■ Study material ■
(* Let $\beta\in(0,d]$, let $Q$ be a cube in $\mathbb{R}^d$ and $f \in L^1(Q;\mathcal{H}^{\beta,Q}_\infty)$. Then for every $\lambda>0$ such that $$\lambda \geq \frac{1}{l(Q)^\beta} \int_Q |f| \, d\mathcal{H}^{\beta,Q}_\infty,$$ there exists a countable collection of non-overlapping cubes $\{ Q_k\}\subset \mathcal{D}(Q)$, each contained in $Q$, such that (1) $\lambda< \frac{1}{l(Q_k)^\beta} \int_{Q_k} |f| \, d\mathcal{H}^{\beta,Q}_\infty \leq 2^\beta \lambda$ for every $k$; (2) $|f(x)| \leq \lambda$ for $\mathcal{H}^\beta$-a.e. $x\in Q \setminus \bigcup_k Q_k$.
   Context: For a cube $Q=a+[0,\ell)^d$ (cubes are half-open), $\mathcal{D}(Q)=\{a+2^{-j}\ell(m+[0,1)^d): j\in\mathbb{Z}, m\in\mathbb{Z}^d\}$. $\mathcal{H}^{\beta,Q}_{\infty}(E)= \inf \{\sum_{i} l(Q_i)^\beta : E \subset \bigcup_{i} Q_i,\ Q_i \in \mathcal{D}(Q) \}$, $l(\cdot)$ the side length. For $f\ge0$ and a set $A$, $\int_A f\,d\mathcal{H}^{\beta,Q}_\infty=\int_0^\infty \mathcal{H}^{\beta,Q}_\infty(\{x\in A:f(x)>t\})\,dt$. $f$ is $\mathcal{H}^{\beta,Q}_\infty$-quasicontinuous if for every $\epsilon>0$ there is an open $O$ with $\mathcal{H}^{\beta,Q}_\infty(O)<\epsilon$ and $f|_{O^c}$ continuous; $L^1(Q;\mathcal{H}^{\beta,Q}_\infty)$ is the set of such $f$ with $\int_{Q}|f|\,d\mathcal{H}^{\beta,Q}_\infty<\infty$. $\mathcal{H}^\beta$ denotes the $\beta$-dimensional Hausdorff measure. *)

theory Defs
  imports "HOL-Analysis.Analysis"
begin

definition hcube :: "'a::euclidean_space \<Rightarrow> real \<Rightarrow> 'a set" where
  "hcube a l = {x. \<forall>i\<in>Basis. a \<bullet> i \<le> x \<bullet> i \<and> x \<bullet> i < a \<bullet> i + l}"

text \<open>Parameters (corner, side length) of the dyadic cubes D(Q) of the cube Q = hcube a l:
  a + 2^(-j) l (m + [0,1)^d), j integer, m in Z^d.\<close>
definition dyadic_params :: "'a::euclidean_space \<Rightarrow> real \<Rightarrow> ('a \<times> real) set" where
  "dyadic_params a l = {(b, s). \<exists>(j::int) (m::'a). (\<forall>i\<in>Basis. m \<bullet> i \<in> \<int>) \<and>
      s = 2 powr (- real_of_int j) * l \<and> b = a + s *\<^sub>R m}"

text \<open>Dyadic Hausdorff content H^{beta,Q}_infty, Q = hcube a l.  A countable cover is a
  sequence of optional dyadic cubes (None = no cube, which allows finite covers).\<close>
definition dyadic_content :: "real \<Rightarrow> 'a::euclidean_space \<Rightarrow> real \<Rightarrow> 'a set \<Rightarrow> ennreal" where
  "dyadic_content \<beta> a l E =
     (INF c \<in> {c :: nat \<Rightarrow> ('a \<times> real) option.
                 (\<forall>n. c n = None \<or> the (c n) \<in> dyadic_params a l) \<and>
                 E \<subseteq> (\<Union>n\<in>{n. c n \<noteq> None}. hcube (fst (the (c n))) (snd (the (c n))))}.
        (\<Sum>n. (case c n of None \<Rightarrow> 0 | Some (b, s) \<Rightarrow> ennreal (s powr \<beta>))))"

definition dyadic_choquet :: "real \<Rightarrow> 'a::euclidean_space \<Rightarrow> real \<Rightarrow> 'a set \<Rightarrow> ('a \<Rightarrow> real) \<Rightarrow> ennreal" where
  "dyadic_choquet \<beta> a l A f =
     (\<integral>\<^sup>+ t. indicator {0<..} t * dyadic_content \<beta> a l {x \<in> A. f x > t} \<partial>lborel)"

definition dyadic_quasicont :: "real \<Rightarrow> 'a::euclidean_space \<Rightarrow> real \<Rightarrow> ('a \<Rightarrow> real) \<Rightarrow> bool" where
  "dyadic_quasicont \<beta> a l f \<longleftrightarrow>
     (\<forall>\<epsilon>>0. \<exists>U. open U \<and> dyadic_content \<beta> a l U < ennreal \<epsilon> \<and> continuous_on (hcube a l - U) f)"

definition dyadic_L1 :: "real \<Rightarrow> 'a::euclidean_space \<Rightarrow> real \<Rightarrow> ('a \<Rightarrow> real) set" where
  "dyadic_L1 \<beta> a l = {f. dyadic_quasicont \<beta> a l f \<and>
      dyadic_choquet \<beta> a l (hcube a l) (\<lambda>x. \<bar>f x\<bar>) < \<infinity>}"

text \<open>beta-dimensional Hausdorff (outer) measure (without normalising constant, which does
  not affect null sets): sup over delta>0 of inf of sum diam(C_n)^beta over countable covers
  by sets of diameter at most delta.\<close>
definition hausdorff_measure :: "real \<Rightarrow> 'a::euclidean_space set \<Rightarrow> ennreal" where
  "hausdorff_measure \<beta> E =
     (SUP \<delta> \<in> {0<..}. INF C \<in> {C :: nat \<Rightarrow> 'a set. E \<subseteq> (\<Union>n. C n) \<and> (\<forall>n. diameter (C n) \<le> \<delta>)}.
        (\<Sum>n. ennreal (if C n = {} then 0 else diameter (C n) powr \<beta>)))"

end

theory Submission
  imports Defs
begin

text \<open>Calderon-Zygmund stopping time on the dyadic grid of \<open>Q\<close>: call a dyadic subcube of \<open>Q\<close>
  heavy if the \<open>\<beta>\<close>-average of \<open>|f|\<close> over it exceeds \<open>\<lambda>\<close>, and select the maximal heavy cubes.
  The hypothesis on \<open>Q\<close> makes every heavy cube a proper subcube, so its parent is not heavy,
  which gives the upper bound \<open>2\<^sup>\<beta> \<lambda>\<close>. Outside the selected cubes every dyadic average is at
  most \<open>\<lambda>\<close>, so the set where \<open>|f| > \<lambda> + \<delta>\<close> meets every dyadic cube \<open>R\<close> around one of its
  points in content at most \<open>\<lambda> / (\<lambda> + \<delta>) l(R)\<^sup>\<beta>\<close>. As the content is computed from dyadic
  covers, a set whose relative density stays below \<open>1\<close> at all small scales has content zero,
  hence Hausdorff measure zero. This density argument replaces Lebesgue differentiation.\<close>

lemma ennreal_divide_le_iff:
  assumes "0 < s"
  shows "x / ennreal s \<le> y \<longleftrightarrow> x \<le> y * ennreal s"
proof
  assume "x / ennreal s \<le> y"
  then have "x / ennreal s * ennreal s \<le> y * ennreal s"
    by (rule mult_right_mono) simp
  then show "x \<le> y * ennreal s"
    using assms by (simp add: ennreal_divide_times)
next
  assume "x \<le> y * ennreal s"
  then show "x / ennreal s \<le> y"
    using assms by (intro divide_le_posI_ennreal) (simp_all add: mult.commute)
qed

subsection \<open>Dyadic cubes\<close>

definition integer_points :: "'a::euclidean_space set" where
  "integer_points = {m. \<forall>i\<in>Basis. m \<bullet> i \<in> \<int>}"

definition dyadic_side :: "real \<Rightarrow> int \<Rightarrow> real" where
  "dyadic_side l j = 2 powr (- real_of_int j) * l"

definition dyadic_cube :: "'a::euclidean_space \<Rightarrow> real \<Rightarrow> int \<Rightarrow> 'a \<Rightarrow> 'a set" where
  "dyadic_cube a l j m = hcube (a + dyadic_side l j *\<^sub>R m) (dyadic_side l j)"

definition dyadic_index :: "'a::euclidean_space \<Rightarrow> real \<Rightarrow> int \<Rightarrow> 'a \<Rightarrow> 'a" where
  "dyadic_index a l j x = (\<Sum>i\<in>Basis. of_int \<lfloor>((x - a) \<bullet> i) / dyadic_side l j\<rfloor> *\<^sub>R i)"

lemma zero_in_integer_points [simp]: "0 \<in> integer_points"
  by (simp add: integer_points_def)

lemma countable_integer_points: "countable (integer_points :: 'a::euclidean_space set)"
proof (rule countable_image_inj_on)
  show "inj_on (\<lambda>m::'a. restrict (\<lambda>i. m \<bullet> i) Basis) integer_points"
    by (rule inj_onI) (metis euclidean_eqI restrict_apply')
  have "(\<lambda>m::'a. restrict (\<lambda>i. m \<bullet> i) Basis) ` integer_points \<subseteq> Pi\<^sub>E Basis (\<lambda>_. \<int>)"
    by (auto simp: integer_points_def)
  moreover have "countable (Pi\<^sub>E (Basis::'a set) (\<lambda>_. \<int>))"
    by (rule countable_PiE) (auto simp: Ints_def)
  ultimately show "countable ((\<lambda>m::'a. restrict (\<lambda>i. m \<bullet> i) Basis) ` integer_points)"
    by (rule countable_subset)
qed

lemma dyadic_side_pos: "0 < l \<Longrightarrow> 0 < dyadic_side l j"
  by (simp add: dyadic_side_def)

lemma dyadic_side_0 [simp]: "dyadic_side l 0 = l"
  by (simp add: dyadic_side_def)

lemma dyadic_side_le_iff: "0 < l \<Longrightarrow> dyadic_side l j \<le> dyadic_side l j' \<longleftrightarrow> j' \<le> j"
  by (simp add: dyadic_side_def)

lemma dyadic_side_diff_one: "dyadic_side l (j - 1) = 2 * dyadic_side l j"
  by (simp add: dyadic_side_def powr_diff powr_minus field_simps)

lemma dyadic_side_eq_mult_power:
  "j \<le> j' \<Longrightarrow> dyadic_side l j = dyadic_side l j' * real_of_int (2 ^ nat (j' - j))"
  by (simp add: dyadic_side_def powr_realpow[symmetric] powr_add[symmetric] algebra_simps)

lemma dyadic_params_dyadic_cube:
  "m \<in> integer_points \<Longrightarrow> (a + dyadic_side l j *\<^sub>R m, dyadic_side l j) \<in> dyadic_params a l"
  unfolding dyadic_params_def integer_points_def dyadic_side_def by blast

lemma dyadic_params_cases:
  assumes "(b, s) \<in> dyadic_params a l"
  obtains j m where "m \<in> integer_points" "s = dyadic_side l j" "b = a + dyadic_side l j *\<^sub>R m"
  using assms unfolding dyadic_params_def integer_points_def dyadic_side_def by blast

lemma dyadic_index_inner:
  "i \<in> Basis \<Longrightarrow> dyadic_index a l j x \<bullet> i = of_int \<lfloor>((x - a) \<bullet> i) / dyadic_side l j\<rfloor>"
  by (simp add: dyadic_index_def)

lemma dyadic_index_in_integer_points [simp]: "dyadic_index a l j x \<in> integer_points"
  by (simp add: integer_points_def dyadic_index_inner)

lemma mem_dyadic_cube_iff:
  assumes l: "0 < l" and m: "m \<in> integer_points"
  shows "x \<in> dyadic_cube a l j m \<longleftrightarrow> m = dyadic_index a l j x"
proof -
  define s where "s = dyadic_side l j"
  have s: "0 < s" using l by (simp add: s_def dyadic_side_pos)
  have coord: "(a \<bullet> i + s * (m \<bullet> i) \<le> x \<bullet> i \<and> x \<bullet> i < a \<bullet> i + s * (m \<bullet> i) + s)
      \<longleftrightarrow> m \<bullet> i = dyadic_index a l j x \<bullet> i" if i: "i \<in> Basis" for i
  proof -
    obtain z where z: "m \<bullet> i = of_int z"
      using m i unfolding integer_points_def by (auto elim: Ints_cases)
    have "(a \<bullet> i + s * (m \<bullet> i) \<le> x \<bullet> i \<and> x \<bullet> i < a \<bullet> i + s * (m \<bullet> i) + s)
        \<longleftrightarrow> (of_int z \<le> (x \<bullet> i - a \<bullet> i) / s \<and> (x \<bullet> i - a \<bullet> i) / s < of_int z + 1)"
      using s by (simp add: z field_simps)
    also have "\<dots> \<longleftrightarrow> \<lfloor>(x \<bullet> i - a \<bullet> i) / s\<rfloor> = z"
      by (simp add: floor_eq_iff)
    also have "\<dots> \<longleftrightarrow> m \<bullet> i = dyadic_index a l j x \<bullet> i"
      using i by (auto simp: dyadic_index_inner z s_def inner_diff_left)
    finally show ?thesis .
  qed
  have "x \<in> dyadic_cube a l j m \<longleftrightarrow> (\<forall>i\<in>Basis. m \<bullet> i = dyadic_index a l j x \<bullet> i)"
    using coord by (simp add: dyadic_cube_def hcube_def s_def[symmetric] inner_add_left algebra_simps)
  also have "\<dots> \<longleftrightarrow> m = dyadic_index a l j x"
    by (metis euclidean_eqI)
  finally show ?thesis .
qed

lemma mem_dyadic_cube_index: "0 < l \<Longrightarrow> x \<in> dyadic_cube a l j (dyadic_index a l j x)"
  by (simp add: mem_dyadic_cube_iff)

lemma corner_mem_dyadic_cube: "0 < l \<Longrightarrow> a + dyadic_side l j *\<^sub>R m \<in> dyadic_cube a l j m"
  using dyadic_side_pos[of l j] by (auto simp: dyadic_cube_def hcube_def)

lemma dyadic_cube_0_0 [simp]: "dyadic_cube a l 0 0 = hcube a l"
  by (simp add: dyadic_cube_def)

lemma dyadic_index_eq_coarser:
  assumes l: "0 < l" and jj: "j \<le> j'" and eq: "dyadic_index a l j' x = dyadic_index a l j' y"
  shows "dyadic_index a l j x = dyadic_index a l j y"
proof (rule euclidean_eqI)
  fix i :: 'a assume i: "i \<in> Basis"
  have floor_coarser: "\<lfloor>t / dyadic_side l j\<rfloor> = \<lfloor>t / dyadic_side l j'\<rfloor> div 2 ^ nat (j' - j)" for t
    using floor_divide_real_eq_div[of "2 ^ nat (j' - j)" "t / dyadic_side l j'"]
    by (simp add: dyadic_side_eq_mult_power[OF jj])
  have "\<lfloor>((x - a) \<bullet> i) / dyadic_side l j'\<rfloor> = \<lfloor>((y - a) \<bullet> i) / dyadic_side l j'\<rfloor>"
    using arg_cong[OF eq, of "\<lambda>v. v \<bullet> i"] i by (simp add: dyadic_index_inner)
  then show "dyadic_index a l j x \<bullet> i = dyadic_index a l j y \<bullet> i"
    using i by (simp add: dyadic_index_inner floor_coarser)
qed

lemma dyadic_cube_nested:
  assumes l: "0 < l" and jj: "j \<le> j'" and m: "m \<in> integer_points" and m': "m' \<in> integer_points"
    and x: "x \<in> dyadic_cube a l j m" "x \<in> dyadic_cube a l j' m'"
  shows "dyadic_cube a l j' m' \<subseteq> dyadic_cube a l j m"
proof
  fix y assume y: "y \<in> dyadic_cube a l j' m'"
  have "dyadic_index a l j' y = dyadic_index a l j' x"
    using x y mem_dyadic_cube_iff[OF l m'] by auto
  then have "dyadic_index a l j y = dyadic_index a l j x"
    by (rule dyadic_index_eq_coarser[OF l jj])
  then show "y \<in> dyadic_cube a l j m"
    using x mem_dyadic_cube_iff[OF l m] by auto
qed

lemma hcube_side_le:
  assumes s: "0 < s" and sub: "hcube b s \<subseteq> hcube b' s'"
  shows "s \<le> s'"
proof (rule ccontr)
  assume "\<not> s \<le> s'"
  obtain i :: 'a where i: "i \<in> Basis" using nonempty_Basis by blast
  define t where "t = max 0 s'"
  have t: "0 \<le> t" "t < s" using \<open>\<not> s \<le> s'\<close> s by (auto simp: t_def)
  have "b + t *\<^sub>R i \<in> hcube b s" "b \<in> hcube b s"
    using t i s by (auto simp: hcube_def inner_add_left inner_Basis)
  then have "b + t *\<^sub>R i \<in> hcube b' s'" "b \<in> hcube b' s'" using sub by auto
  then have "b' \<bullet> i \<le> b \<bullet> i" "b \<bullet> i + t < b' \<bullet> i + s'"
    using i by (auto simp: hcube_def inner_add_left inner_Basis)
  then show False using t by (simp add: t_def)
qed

■ Exercise requirements ■
Which lines of the data include "subcube"? Copy each of them.

■ Written answer ■
text \<open>Calderon-Zygmund stopping time on the dyadic grid of \<open>Q\<close>: call a dyadic subcube of \<open>Q\<close>
  The hypothesis on \<open>Q\<close> makes every heavy cube a proper subcube, so its parent is not heavy,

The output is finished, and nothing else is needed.